Nassau County Board of Commissioners Candidate Forum Report

Club 14 Fitness


By George Miller

7-15-22, Fernandina Beach

Local We The People civic group sponsored a forum for Nassau County Board of Commissioners Candidates. It featured more and much more in depth questions than previous local forums we attended, allowing better insight into candidates’ thinking/views. Above pic (L-R), County Commissioner candidates “Hupp” Huppmann, Alyson McCullough, George Spicer. Photo: George Miller, Citizens Journal Florida.

We the People President Deb Boelkes not only formulated thoughtful questions on relevant key issues, but included a few additional ones in advance of the event, held at Walker’s Landing.

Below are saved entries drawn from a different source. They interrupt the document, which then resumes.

lemma eigenvector_inner_has_real_derivative:
  fixes L :: "real^'n^'n"
  assumes "transpose L = L" and "L *v \<phi> = \<mu> *\<^sub>R \<phi>"
    and y': "(y has_vector_derivative (G_op L (y s) + forcing F0 \<omega> h s)) (at s within S)"
  shows "((\<lambda>s. \<phi> \<bullet> fst (y s)) has_real_derivative \<phi> \<bullet> snd (y s)) (at s within S)"
    and "((\<lambda>s. \<phi> \<bullet> snd (y s)) has_real_derivative
           - (\<phi> \<bullet> fst (y s)) - \<mu> * (\<phi> \<bullet> snd (y s)) + F0 * \<phi> $ h * sin (\<omega> * s)) (at s within S)"
proof -
  have "((\<lambda>s. \<phi> \<bullet> fst (y s)) has_vector_derivative \<phi> \<bullet> fst (G_op L (y s) + forcing F0 \<omega> h s)) (at s within S)"
    by (intro bounded_linear.has_vector_derivative[OF bounded_linear_inner_right]
        bounded_linear.has_vector_derivative[OF bounded_linear_fst] y')
  then show "((\<lambda>s. \<phi> \<bullet> fst (y s)) has_real_derivative \<phi> \<bullet> snd (y s)) (at s within S)"
    by (simp add: has_real_derivative_iff_has_vector_derivative G_op_def forcing_def)
  have "((\<lambda>s. \<phi> \<bullet> snd (y s)) has_vector_derivative \<phi> \<bullet> snd (G_op L (y s) + forcing F0 \<omega> h s)) (at s within S)"
    by (intro bounded_linear.has_vector_derivative[OF bounded_linear_inner_right]
        bounded_linear.has_vector_derivative[OF bounded_linear_snd] y')
  moreover have "\<phi> \<bullet> snd (G_op L (y s) + forcing F0 \<omega> h s)
      = - (\<phi> \<bullet> fst (y s)) - \<mu> * (\<phi> \<bullet> snd (y s)) + F0 * \<phi> $ h * sin (\<omega> * s)"
    using inner_symmetric_matrix_eigenvector[OF assms(1,2)]
    by (simp add: G_op_def forcing_def inner_diff_right inner_add_right inner_axis mult_ac)
  ultimately show "((\<lambda>s. \<phi> \<bullet> snd (y s)) has_real_derivative
      - (\<phi> \<bullet> fst (y s)) - \<mu> * (\<phi> \<bullet> snd (y s)) + F0 * \<phi> $ h * sin (\<omega> * s)) (at s within S)"
    by (simp add: has_real_derivative_iff_has_vector_derivative)
qed
(* Let $h>0$ and $\lambda_1\in\mathbb{C}\setminus\{0\}$. Let $(U_n(t),R_n(t),Q_n(t))_{n\in\mathbb{Z}}$ be a solution of the semi-discrete massive Thirring model (MTM) system (defined in the context). Let $\Phi_n(t)=(f_n(t),g_n(t))^T$, $n\in\mathbb{Z}$, be a nonzero solution of both equations of the Lax pair at $\lambda=\lambda_1$ with these potentials. Define $$U^{[1]}_n = -\frac{2\mathrm{i} (\bar{\lambda}_1 |f_n|^2 + \lambda_1 |g_n|^2) U_n - h |\lambda_1|^2 (\lambda_1 |f_n|^2 + \bar{\lambda}_1 |g_n|^2) U_n + 2\mathrm{i} (\lambda_1^2 - \bar{\lambda}_1^2) f_n \bar{g}_n}{2\mathrm{i} (\lambda_1 |f_n|^2 + \bar{\lambda}_1 |g_n|^2) - h |\lambda_1|^2 (\bar{\lambda}_1 |f_n|^2 + \lambda_1 |g_n|^2) + h (\lambda_1^2 - \bar{\lambda}_1^2) \bar{f}_n g_n U_n},$$ $$R^{[1]}_{n} = -\frac{( \bar{\lambda}_1 |f_{n}|^2 + \lambda_1 |g_{n}|^2) R_n + (\lambda_1^2-\bar{\lambda}_1^2) f_{n} \bar{g}_{n}}{\lambda_1 |f_{n}|^2 + \bar{\lambda}_1 |g_{n}|^2},$$ $$Q^{[1]}_{n} = -\frac{|\lambda_1|^2 ( \lambda_1 |f_{n}|^2+\bar{\lambda}_1 |g_{n}|^2) Q_n + (\lambda_1^2-\bar{\lambda}_1^2) f_{n} \bar{g}_{n}}{|\lambda_1|^2(\bar{\lambda}_1 |f_{n}|^2+\lambda_1 |g_{n}|^2)},$$ at all $(n,t)$ where the denominators are nonzero. Then $(U^{[1]}_n,R^{[1]}_n,Q^{[1]}_n)$ is again a solution of the semi-discrete MTM system.
   Context: Fix a lattice spacing $h>0$. The semi-discrete MTM system for complex-valued differentiable functions $U_n(t),R_n(t),Q_n(t)$, $n\in\mathbb{Z}$, $t\in\mathbb{R}$, is $$4\mathrm{i}\frac{dU_n}{dt}+Q_{n+1}+Q_n+\frac{2\mathrm{i}}{h}(R_{n+1}-R_n)+U_n^2(\bar R_n+\bar R_{n+1})-U_n(|Q_{n+1}|^2+|Q_n|^2+|R_{n+1}|^2+|R_n|^2)-\frac{\mathrm{i}h}{2}U_n^2(\bar Q_{n+1}-\bar Q_n)=0,$$ $$-\frac{2\mathrm{i}}{h}(Q_{n+1}-Q_n)+2U_n-|U_n|^2(Q_{n+1}+Q_n)=0,\qquad R_{n+1}+R_n-2U_n+\frac{\mathrm{i}h}{2}|U_n|^2(R_{n+1}-R_n)=0.$$ The Lax pair with spectral parameter $\lambda\in\mathbb{C}\setminus\{0\}$ consists of the two linear equations for $\Phi_n(t)\in\mathbb{C}^2$: $$\Phi_{n+1}=N_n(\lambda)\Phi_n,\quad N_n(\lambda)=\begin{pmatrix}\lambda+\frac{2\mathrm{i}}{h\lambda}S_n & \frac{2U_n}{1-\frac{\mathrm{i}}{2}h|U_n|^2}\\ \frac{2\bar U_n}{1-\frac{\mathrm{i}}{2}h|U_n|^2} & \frac{2\mathrm{i}}{h\lambda}-\lambda S_n\end{pmatrix},\quad S_n=\frac{1+\frac{\mathrm{i}}{2}h|U_n|^2}{1-\frac{\mathrm{i}}{2}h|U_n|^2},$$ $$\frac{d\Phi_n}{dt}=P_n(\lambda)\Phi_n,\quad P_n(\lambda)=\frac{\mathrm{i}}{2}\begin{pmatrix}\lambda^2-|R_n|^2 & \lambda R_n-Q_n\lambda^{-1}\\ \lambda\bar R_n-\bar Q_n\lambda^{-1} & |Q_n|^2-\lambda^{-2}\end{pmatrix}.$$ The semi-discrete MTM system is the compatibility condition $\frac{d}{dt}N_n=P_{n+1}N_n-N_nP_n$ of this Lax pair. *)

theory Defs
  imports "HOL-Analysis.Analysis"
begin

definition asq :: "complex \<Rightarrow> complex" where
  "asq z = complex_of_real ((cmod z)^2)"

text \<open>The three equations of the semi-discrete MTM system at lattice site n and time t,
  where D stands for dU_n/dt.\<close>
definition mtm_eqs ::
  "real \<Rightarrow> (int \<Rightarrow> real \<Rightarrow> complex) \<Rightarrow> (int \<Rightarrow> real \<Rightarrow> complex) \<Rightarrow> (int \<Rightarrow> real \<Rightarrow> complex)
    \<Rightarrow> int \<Rightarrow> real \<Rightarrow> complex \<Rightarrow> bool" where
  "mtm_eqs h U R Q n t D \<longleftrightarrow>
     (let u = U n t; r0 = R n t; r1 = R (n+1) t; q0 = Q n t; q1 = Q (n+1) t; hc = complex_of_real h in
      4 * \<i> * D + q1 + q0 + (2 * \<i> / hc) * (r1 - r0) + u^2 * (cnj r0 + cnj r1)
        - u * (asq q1 + asq q0 + asq r1 + asq r0) - (\<i> * hc / 2) * u^2 * (cnj q1 - cnj q0) = 0
      \<and> - (2 * \<i> / hc) * (q1 - q0) + 2 * u - asq u * (q1 + q0) = 0
      \<and> r1 + r0 - 2 * u + (\<i> * hc / 2) * asq u * (r1 - r0) = 0)"

definition mtm_solution ::
  "real \<Rightarrow> (int \<Rightarrow> real \<Rightarrow> complex) \<Rightarrow> (int \<Rightarrow> real \<Rightarrow> complex) \<Rightarrow> (int \<Rightarrow> real \<Rightarrow> complex) \<Rightarrow> bool" where
  "mtm_solution h U R Q \<longleftrightarrow>
     (\<forall>n t. U n differentiable (at t) \<and> R n differentiable (at t) \<and> Q n differentiable (at t)
        \<and> mtm_eqs h U R Q n t (vector_derivative (U n) (at t)))"

definition mtm_S :: "real \<Rightarrow> complex \<Rightarrow> complex" where
  "mtm_S h u = (1 + \<i> / 2 * complex_of_real h * asq u) / (1 - \<i> / 2 * complex_of_real h * asq u)"

definition N11 :: "real \<Rightarrow> complex \<Rightarrow> complex \<Rightarrow> complex" where
  "N11 h u l = l + 2 * \<i> / (complex_of_real h * l) * mtm_S h u"
definition N12 :: "real \<Rightarrow> complex \<Rightarrow> complex \<Rightarrow> complex" where
  "N12 h u l = 2 * u / (1 - \<i> / 2 * complex_of_real h * asq u)"
definition N21 :: "real \<Rightarrow> complex \<Rightarrow> complex \<Rightarrow> complex" where
  "N21 h u l = 2 * cnj u / (1 - \<i> / 2 * complex_of_real h * asq u)"
definition N22 :: "real \<Rightarrow> complex \<Rightarrow> complex \<Rightarrow> complex" where
  "N22 h u l = 2 * \<i> / (complex_of_real h * l) - l * mtm_S h u"

definition P11 :: "complex \<Rightarrow> complex \<Rightarrow> complex \<Rightarrow> complex" where
  "P11 r q l = \<i> / 2 * (l^2 - asq r)"
definition P12 :: "complex \<Rightarrow> complex \<Rightarrow> complex \<Rightarrow> complex" where
  "P12 r q l = \<i> / 2 * (l * r - q / l)"
definition P21 :: "complex \<Rightarrow> complex \<Rightarrow> complex \<Rightarrow> complex" where
  "P21 r q l = \<i> / 2 * (l * cnj r - cnj q / l)"
definition P22 :: "complex \<Rightarrow> complex \<Rightarrow> complex \<Rightarrow> complex" where
  "P22 r q l = \<i> / 2 * (asq q - 1 / l^2)"

definition lax_solution ::
  "real \<Rightarrow> (int \<Rightarrow> real \<Rightarrow> complex) \<Rightarrow> (int \<Rightarrow> real \<Rightarrow> complex) \<Rightarrow> (int \<Rightarrow> real \<Rightarrow> complex)
    \<Rightarrow> complex \<Rightarrow> (int \<Rightarrow> real \<Rightarrow> complex) \<Rightarrow> (int \<Rightarrow> real \<Rightarrow> complex) \<Rightarrow> bool" where
  "lax_solution h U R Q l f g \<longleftrightarrow>
     (\<forall>n t.
        f (n+1) t = N11 h (U n t) l * f n t + N12 h (U n t) l * g n t
      \<and> g (n+1) t = N21 h (U n t) l * f n t + N22 h (U n t) l * g n t
      \<and> (f n has_vector_derivative (P11 (R n t) (Q n t) l * f n t + P12 (R n t) (Q n t) l * g n t)) (at t)
      \<and> (g n has_vector_derivative (P21 (R n t) (Q n t) l * f n t + P22 (R n t) (Q n t) l * g n t)) (at t))"

definition U1_num :: "real \<Rightarrow> complex \<Rightarrow> complex \<Rightarrow> complex \<Rightarrow> complex \<Rightarrow> complex" where
  "U1_num h l u f g = - (2 * \<i> * (cnj l * asq f + l * asq g) * u
      - complex_of_real h * asq l * (l * asq f + cnj l * asq g) * u
      + 2 * \<i> * (l^2 - (cnj l)^2) * f * cnj g)"
definition U1_den :: "real \<Rightarrow> complex \<Rightarrow> complex \<Rightarrow> complex \<Rightarrow> complex \<Rightarrow> complex" where
  "U1_den h l u f g = 2 * \<i> * (l * asq f + cnj l * asq g)
      - complex_of_real h * asq l * (cnj l * asq f + l * asq g)
      + complex_of_real h * (l^2 - (cnj l)^2) * cnj f * g * u"
definition R1_num :: "complex \<Rightarrow> complex \<Rightarrow> complex \<Rightarrow> complex \<Rightarrow> complex" where
  "R1_num l r f g = - ((cnj l * asq f + l * asq g) * r + (l^2 - (cnj l)^2) * f * cnj g)"
definition R1_den :: "complex \<Rightarrow> complex \<Rightarrow> complex \<Rightarrow> complex" where
  "R1_den l f g = l * asq f + cnj l * asq g"
definition Q1_num :: "complex \<Rightarrow> complex \<Rightarrow> complex \<Rightarrow> complex \<Rightarrow> complex" where
  "Q1_num l q f g = - (asq l * (l * asq f + cnj l * asq g) * q + (l^2 - (cnj l)^2) * f * cnj g)"
definition Q1_den :: "complex \<Rightarrow> complex \<Rightarrow> complex \<Rightarrow> complex" where
  "Q1_den l f g = asq l * (cnj l * asq f + l * asq g)"

end

theory Submission
  imports Defs
begin

text \<open>
  Treat the conjugates of all fields as independent variables and \<open>\<i>\<close> as a root j of
  j^2 = -1. Then R_{n+1}, Q_{n+1} (solved from the second and third MTM equations), f_{n+1},
  g_{n+1} (from N_n), dU_n/dt (from the first equation) and df_n/dt, dg_n/dt (from P_n) are
  rational functions of the data at site n. The Darboux formulas are invariant under rescaling
  (f, g), so at site n+1 they may be evaluated on the polynomial numerators F, G of f_{n+1},
  g_{n+1}. Each transformed equation then reduces to a polynomial identity modulo j^2 = -1.
  The basic one says that the R-denominator at site n times the conjugate R-denominator at
  site n+1 is, up to a nonzero factor, 2 |U_den|^2 - j h |U_num|^2; it turns the factors
  1 -/+ j h |U^[1]|^2 / 2 of the transformed equations into quotients of denominators.
\<close>

definition mtm_lhs1 :: "'a::field \<Rightarrow> 'a \<Rightarrow> 'a \<Rightarrow> 'a \<Rightarrow> 'a \<Rightarrow> 'a \<Rightarrow> 'a \<Rightarrow> 'a \<Rightarrow> 'a \<Rightarrow> 'a \<Rightarrow> 'a \<Rightarrow> 'a \<Rightarrow> 'a" where
  "mtm_lhs1 j h u r0 rb0 r1 rb1 q0 qb0 q1 qb1 D =
     4 * j * D + q1 + q0 + (2 * j / h) * (r1 - r0) + u^2 * (rb0 + rb1)
       - u * (q1 * qb1 + q0 * qb0 + r1 * rb1 + r0 * rb0) - (j * h / 2) * u^2 * (qb1 - qb0)"

definition mtm_lhs2 :: "'a::field \<Rightarrow> 'a \<Rightarrow> 'a \<Rightarrow> 'a \<Rightarrow> 'a \<Rightarrow> 'a \<Rightarrow> 'a" where
  "mtm_lhs2 j h u ub q0 q1 = - (2 * j / h) * (q1 - q0) + 2 * u - u * ub * (q1 + q0)"

definition mtm_lhs3 :: "'a::field \<Rightarrow> 'a \<Rightarrow> 'a \<Rightarrow> 'a \<Rightarrow> 'a \<Rightarrow> 'a \<Rightarrow> 'a" where
  "mtm_lhs3 j h u ub r0 r1 = r1 + r0 - 2 * u + (j * h / 2) * (u * ub) * (r1 - r0)"

text \<open>
  The barred parameters stand for complex conjugates but are independent variables, so the
  identities below are polynomial and hold in every field of characteristic 0 in which
  j^2 = -1. The conjugate of a quantity is its instance under j \<mapsto> -j, x \<leftrightarrow> x_bar.
\<close>
locale mtm_site =
  fixes j h l lb u ub r rb q qb f fb g gb :: "'a::field_char_0"
begin

definition S where "S = 2 - j*h*u*ub"
abbreviation "S_bar \<equiv> mtm_site.S (-j) h ub u"

definition r_next where "r_next = (4*u - S*r) / S_bar"
definition q_next where "q_next = (S_bar*q - 2*j*h*u) / S"
text \<open>f_{n+1} = F / (h l S) and g_{n+1} = G / (h l S), see N_step.\<close>
definition F where "F = (h*l^2*S + 2*j*S_bar)*f + 4*h*l*u*g"
definition G where "G = 4*h*l*ub*f + (2*j*S - h*l^2*S_bar)*g"
abbreviation "F_bar \<equiv> mtm_site.F (-j) h lb ub u fb gb"
abbreviation "G_bar \<equiv> mtm_site.G (-j) h lb ub u fb gb"

definition U_num where
  "U_num = - (2*j*(lb*f*fb + l*g*gb)*u - h*l*lb*(l*f*fb + lb*g*gb)*u + 2*j*(l^2 - lb^2)*f*gb)"
definition U_den where
  "U_den = 2*j*(l*f*fb + lb*g*gb) - h*l*lb*(lb*f*fb + l*g*gb) + h*(l^2 - lb^2)*fb*g*u"
definition R_num where "R_num = - ((lb*f*fb + l*g*gb)*r + (l^2 - lb^2)*f*gb)"
definition R_den where "R_den = l*f*fb + lb*g*gb"
definition Q_num where "Q_num = - (l*lb*(l*f*fb + lb*g*gb)*q + (l^2 - lb^2)*f*gb)"
abbreviation "U_num_bar \<equiv> mtm_site.U_num (-j) h lb l ub fb f gb g"
abbreviation "U_den_bar \<equiv> mtm_site.U_den (-j) h lb l ub fb f gb g"
abbreviation "R_num_bar \<equiv> mtm_site.R_num lb l rb fb f gb g"
abbreviation "R_den_bar \<equiv> mtm_site.R_den lb l fb f gb g"
abbreviation "Q_num_bar \<equiv> mtm_site.Q_num lb l qb fb f gb g"

abbreviation "R_den_next \<equiv> mtm_site.R_den l lb F F_bar G G_bar"
abbreviation "R_den_next_bar \<equiv> mtm_site.R_den lb l F_bar F G_bar G"
text \<open>
  S_bar R_num and S Q_num at site n+1, evaluated at (r_next, F, G) and (q_next, F, G);
  scaling f, g by the factor 1/(h l S) does not change the Darboux quotients.
\<close>
definition R_num_next where
  "R_num_next = - (R_den_next_bar*(4*u - S*r) + S_bar*(l^2 - lb^2)*F*G_bar)"
definition Q_num_next where
  "Q_num_next = - (l*lb*R_den_next*(S_bar*q - 2*j*h*u) + S*(l^2 - lb^2)*F*G_bar)"

text \<open>The first MTM equation reads 4 h dU/dt = j T once R_{n+1}, Q_{n+1} are eliminated.\<close>
definition T where
  "T = 2*h*u^2*rb + j*h^2*u^2*qb - 2*h*u*r*rb - 2*h*u*q*qb - j*h^2*u + 4*j*(u - r) + 2*h*q"
text \<open>2 l df/dt and 2 l^2 dg/dt, by the time part of the Lax pair.\<close>
definition Fdot where "Fdot = j*((l^3 - l*r*rb)*f + (l^2*r - q)*g)"
definition Gdot where "Gdot = j*((l^3*rb - l*qb)*f + (l^2*q*qb - 1)*g)"
abbreviation "Fdot_bar \<equiv> mtm_site.Fdot (-j) lb rb r qb fb gb"
abbreviation "Gdot_bar \<equiv> mtm_site.Gdot (-j) lb r qb q fb gb"

definition U_num_deriv where
  "U_num_deriv du df dfb dg dgb =
       (h*l^2*lb*f*fb + h*l*lb^2*g*gb - 2*j*(lb*f*fb + l*g*gb))*du
     + ((h*l^2*lb - 2*j*lb)*u*fb - 2*j*(l^2 - lb^2)*gb)*df
     + (h*l^2*lb - 2*j*lb)*u*f*dfb
     + (h*l*lb^2 - 2*j*l)*u*gb*dg
     + ((h*l*lb^2 - 2*j*l)*u*g - 2*j*(l^2 - lb^2)*f)*dgb"
definition U_den_deriv where
  "U_den_deriv du df dfb dg dgb =
       h*(l^2 - lb^2)*fb*g*du
     + (2*j*l - h*l*lb^2)*fb*df
     + ((2*j*l - h*l*lb^2)*f + h*(l^2 - lb^2)*g*u)*dfb
     + ((2*j*lb - h*l^2*lb)*gb + h*(l^2 - lb^2)*fb*u)*dg
     + (2*j*lb - h*l^2*lb)*g*dgb"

Original event listing HERE

Invited candidates were:

District 2 Candidates:

Aaron Bell – incumbent (schedule conflict)

A.M. “Hupp” Huppmann

District 4 Candidates:

Thomas Ford – incumbent (schedule conflict)

Alyson McCullough

Jeanne Scott (dropped out)

George Spicer

We the People scheduled this session so it wouldn’t conflict with the normal 1st Monday board meeting schedule, but didn’t realize that the meeting had been moved to Jthe second and fourth Mondays, so we missed incumbents Bell (District 2) and Ford (District 4). They submitted brief statements which Boelkes read aloud to those assembled.

Forum Questions and Answers

Nassau County Commissioners Candidate Questions – 2022

1 – Minute per question, unless noted:

  1. Please tell us:
    • Your family situation (i.e., married, number of children)
    • How long you have lived in Nassau County
    • Your current employment / position
    • Past / present elected positions
    • Other memberships / offices you hold

A: Huppmann- 2 businesses run: Hawaiian Surf & Trading Co, musician, married w/2 adult children, construction and HR background, was USAF navigator, retired military, worked for railroad,

A: McCullough- Lifelong in Callahan area (Hilliard now) , married, 4 active children, teaches career tech- Teacher of the Year- Nassau County School District, State Agriculture Advocate.

A: George Spicer- 32 year Nassau resident, married 50 years, raised 4 children, has 5 grandchildren and 2 great grandchildren, retired boilermaker, C of C volunteer of the year- multiple service organizations, says is qualified.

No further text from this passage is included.